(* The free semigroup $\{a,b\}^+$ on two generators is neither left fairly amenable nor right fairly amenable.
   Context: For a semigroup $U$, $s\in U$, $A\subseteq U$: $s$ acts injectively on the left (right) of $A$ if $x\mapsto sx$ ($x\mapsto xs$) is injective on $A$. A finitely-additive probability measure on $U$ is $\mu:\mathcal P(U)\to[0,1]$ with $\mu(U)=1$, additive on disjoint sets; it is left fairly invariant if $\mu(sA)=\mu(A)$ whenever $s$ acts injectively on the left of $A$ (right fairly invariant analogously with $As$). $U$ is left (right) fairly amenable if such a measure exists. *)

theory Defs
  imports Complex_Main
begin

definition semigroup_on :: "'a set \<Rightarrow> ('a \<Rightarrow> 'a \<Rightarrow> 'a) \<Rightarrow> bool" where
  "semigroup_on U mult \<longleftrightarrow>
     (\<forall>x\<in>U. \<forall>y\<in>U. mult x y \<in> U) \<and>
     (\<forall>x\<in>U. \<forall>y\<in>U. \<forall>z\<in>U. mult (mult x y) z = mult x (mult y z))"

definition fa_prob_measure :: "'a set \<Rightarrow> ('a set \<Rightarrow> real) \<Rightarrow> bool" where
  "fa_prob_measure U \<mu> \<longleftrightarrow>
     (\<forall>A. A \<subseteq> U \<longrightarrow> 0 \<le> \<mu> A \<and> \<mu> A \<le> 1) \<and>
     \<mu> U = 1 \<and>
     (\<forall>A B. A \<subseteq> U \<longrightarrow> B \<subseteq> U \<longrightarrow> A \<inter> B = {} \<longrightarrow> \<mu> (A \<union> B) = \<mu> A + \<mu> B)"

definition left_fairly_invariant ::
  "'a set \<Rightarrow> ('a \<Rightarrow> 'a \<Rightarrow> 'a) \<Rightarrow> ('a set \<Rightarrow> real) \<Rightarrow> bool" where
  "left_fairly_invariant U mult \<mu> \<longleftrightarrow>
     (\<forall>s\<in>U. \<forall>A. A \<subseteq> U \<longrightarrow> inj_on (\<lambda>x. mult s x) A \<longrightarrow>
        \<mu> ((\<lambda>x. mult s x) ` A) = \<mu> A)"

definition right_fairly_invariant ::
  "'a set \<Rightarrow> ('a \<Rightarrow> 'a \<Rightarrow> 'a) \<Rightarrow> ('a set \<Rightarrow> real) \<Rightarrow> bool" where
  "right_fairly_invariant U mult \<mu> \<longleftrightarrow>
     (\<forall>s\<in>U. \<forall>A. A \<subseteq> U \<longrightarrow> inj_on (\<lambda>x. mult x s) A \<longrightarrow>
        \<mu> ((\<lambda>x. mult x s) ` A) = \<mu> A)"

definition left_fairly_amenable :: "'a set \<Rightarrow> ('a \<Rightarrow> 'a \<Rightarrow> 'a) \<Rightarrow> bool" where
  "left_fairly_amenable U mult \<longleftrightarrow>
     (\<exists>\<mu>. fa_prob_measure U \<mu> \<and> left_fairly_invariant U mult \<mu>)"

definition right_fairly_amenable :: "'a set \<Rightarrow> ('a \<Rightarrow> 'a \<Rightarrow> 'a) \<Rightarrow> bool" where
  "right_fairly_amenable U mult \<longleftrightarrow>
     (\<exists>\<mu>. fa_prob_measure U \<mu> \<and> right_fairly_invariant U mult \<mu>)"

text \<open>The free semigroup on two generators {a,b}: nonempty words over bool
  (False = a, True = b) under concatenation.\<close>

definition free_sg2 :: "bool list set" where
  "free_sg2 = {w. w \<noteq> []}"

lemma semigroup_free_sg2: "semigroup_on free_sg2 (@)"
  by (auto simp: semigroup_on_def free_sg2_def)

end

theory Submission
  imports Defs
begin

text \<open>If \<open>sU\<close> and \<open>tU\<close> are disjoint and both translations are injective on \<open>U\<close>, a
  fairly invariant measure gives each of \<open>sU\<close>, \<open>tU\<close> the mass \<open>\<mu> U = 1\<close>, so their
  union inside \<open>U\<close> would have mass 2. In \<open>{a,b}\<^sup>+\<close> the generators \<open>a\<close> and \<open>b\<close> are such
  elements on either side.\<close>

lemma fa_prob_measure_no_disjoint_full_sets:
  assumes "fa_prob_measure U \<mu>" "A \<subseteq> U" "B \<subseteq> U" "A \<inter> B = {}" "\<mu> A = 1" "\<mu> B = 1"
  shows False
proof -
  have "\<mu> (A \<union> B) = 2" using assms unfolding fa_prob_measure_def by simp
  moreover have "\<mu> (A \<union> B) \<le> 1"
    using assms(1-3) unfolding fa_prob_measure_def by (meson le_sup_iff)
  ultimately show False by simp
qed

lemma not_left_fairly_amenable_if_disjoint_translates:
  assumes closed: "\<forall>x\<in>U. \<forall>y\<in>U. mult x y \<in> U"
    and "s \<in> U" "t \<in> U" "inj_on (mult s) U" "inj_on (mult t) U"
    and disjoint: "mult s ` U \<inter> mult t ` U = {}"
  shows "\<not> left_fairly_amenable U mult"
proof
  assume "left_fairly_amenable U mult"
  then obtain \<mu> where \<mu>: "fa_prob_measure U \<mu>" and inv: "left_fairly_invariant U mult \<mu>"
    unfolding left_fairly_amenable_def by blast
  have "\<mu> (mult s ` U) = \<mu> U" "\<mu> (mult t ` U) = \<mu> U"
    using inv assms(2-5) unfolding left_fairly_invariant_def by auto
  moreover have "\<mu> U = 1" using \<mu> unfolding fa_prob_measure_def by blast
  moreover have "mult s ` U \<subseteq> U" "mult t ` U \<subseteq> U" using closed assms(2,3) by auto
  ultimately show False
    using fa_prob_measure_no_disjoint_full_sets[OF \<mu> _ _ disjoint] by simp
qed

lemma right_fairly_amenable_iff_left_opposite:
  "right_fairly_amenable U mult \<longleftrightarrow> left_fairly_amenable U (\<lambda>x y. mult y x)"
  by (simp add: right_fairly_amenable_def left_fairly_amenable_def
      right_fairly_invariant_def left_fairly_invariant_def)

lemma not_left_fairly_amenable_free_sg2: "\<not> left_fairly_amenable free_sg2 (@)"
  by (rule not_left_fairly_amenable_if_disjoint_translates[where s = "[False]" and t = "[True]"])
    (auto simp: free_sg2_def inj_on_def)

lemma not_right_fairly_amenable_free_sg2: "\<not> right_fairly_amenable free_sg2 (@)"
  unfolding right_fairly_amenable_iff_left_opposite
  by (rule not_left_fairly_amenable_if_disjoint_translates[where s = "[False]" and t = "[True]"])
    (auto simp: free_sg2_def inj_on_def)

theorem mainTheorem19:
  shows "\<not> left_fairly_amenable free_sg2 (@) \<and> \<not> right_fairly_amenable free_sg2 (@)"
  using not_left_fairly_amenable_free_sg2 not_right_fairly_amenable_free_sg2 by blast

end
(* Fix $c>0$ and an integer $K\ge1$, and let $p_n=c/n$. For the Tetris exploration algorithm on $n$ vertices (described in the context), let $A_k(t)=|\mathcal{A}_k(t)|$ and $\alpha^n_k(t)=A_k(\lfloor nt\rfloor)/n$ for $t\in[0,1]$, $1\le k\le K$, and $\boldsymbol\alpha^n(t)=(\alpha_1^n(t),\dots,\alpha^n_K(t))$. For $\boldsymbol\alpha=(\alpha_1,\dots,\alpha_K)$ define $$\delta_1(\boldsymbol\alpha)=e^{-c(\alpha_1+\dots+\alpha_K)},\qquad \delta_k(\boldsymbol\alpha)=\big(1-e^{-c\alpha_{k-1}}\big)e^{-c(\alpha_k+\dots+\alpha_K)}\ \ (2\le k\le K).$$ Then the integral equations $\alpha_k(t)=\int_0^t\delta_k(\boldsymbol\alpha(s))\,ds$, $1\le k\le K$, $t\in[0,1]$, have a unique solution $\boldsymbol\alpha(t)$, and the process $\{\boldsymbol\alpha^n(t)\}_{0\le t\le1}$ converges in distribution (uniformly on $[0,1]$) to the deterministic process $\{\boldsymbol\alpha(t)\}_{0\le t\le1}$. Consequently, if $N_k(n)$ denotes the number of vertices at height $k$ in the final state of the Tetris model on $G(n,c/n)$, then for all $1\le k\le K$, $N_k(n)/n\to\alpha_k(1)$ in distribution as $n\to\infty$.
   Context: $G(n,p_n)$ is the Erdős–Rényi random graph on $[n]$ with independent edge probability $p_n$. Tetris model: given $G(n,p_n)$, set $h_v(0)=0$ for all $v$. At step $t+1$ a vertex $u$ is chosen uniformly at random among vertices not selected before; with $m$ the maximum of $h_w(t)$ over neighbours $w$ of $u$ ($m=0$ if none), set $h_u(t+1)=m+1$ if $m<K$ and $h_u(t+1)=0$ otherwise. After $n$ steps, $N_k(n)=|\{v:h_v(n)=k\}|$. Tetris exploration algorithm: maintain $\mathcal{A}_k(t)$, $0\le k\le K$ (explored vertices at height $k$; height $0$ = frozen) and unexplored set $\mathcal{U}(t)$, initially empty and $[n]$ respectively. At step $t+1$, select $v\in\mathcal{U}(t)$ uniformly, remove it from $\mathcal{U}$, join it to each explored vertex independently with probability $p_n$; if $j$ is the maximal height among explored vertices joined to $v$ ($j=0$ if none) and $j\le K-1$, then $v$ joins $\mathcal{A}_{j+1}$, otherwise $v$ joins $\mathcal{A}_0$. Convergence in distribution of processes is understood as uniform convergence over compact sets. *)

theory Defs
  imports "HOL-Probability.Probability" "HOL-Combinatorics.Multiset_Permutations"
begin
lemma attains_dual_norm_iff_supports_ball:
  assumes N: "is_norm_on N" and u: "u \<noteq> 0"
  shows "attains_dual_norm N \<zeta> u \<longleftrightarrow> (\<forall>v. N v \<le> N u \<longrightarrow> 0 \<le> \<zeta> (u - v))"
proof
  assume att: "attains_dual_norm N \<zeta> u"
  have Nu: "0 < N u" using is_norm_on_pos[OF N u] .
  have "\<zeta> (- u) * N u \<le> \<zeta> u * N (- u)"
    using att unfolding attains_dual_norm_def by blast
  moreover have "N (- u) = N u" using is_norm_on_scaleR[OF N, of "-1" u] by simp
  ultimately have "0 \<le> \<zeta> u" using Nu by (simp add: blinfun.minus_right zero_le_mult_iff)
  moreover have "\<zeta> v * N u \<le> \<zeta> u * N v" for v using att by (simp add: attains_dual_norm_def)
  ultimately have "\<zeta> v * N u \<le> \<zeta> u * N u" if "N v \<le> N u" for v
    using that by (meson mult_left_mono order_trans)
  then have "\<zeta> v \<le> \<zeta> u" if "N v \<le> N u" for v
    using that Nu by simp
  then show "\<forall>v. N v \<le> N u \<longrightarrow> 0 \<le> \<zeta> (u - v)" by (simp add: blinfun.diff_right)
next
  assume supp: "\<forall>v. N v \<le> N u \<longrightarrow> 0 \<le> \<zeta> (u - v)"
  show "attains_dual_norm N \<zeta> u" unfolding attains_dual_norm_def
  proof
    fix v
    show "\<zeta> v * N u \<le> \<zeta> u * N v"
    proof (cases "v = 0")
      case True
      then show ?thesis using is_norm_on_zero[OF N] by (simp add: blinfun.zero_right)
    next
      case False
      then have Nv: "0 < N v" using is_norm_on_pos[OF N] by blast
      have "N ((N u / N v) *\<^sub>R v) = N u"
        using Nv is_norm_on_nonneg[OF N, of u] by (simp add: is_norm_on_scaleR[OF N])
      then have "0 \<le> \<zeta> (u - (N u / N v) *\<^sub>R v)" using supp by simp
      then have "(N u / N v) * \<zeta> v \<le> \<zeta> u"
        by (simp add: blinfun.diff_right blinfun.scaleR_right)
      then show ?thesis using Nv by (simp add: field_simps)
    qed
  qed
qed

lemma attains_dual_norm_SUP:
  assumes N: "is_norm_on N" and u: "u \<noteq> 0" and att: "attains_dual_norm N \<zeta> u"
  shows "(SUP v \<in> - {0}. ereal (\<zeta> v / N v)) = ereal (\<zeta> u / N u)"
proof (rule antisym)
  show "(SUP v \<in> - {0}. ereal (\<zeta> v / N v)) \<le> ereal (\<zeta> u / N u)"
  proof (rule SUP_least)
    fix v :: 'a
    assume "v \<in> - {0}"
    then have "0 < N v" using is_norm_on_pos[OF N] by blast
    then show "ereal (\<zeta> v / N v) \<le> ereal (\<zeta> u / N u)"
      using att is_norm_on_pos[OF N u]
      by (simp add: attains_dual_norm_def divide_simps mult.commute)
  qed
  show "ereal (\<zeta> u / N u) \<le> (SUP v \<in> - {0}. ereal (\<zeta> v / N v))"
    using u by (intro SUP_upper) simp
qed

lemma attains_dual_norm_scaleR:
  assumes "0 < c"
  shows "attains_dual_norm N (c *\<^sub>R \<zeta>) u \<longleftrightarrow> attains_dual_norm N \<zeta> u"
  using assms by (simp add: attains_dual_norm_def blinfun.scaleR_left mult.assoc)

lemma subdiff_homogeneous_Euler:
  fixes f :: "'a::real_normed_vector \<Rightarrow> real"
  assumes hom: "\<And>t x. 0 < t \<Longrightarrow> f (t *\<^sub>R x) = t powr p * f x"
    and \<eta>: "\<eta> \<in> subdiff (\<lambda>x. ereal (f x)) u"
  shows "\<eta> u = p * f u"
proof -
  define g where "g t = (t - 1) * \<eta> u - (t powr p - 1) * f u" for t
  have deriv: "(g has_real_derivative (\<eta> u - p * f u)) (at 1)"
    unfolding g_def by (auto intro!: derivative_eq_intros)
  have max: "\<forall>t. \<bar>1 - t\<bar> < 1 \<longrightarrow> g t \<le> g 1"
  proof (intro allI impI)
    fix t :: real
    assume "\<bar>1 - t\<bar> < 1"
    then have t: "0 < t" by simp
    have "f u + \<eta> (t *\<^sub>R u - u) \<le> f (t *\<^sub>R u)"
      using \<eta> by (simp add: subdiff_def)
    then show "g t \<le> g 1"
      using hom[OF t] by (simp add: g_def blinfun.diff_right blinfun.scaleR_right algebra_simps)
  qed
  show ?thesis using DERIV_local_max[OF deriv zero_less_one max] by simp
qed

■ ■ ■ ■ ■

▸ **YOUR ASSIGNMENT**
The answer should consist solely of the lines from the first line above through the one with "U = 1 \<and>", both included, repeated exactly.

▸ **EXERCISE RESPONSE**
(* The free semigroup $\{a,b\}^+$ on two generators is neither left fairly amenable nor right fairly amenable.
   Context: For a semigroup $U$, $s\in U$, $A\subseteq U$: $s$ acts injectively on the left (right) of $A$ if $x\mapsto sx$ ($x\mapsto xs$) is injective on $A$. A finitely-additive probability measure on $U$ is $\mu:\mathcal P(U)\to[0,1]$ with $\mu(U)=1$, additive on disjoint sets; it is left fairly invariant if $\mu(sA)=\mu(A)$ whenever $s$ acts injectively on the left of $A$ (right fairly invariant analogously with $As$). $U$ is left (right) fairly amenable if such a measure exists. *)

theory Defs
  imports Complex_Main
begin

definition semigroup_on :: "'a set \<Rightarrow> ('a \<Rightarrow> 'a \<Rightarrow> 'a) \<Rightarrow> bool" where
  "semigroup_on U mult \<longleftrightarrow>
     (\<forall>x\<in>U. \<forall>y\<in>U. mult x y \<in> U) \<and>
     (\<forall>x\<in>U. \<forall>y\<in>U. \<forall>z\<in>U. mult (mult x y) z = mult x (mult y z))"

definition fa_prob_measure :: "'a set \<Rightarrow> ('a set \<Rightarrow> real) \<Rightarrow> bool" where
  "fa_prob_measure U \<mu> \<longleftrightarrow>
     (\<forall>A. A \<subseteq> U \<longrightarrow> 0 \<le> \<mu> A \<and> \<mu> A \<le> 1) \<and>
     \<mu> U = 1 \<and>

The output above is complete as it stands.